| DATA UNDER STUDY |
»»

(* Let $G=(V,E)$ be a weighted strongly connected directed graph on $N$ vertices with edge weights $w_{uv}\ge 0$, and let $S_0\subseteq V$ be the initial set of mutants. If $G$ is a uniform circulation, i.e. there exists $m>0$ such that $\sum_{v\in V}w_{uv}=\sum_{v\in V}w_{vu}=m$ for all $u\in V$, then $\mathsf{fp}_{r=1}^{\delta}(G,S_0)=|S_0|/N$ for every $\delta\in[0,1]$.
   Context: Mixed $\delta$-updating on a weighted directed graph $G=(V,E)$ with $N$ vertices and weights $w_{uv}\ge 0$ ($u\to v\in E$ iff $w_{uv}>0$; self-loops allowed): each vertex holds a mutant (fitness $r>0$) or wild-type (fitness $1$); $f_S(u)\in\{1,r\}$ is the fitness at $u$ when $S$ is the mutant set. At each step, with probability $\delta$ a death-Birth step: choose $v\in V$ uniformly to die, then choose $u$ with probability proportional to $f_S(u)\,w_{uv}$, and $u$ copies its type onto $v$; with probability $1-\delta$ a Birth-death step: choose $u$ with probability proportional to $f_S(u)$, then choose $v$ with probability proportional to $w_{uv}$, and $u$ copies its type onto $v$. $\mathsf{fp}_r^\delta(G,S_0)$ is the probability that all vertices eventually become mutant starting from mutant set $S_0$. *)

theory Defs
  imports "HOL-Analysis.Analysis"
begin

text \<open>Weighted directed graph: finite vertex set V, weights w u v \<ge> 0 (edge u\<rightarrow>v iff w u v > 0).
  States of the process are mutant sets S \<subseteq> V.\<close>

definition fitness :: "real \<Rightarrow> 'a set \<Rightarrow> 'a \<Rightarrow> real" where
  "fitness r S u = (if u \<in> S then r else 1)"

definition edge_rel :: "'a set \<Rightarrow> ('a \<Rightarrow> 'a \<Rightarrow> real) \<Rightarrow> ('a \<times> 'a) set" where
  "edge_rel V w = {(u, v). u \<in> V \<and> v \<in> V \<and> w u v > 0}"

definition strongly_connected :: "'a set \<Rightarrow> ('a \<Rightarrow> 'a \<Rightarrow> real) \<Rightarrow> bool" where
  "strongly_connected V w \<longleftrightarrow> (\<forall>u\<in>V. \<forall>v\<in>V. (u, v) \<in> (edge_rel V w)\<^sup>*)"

««

| WHAT TO DO |
In the data above, which lines include "definition"? Return those lines.

| SOLUTION TO THIS PROBLEM |
definition fitness :: "real \<Rightarrow> 'a set \<Rightarrow> 'a \<Rightarrow> real" where
definition edge_rel :: "'a set \<Rightarrow> ('a \<Rightarrow> 'a \<Rightarrow> real) \<Rightarrow> ('a \<times> 'a) set" where
definition strongly_connected :: "'a set \<Rightarrow> ('a \<Rightarrow> 'a \<Rightarrow> real) \<Rightarrow> bool" where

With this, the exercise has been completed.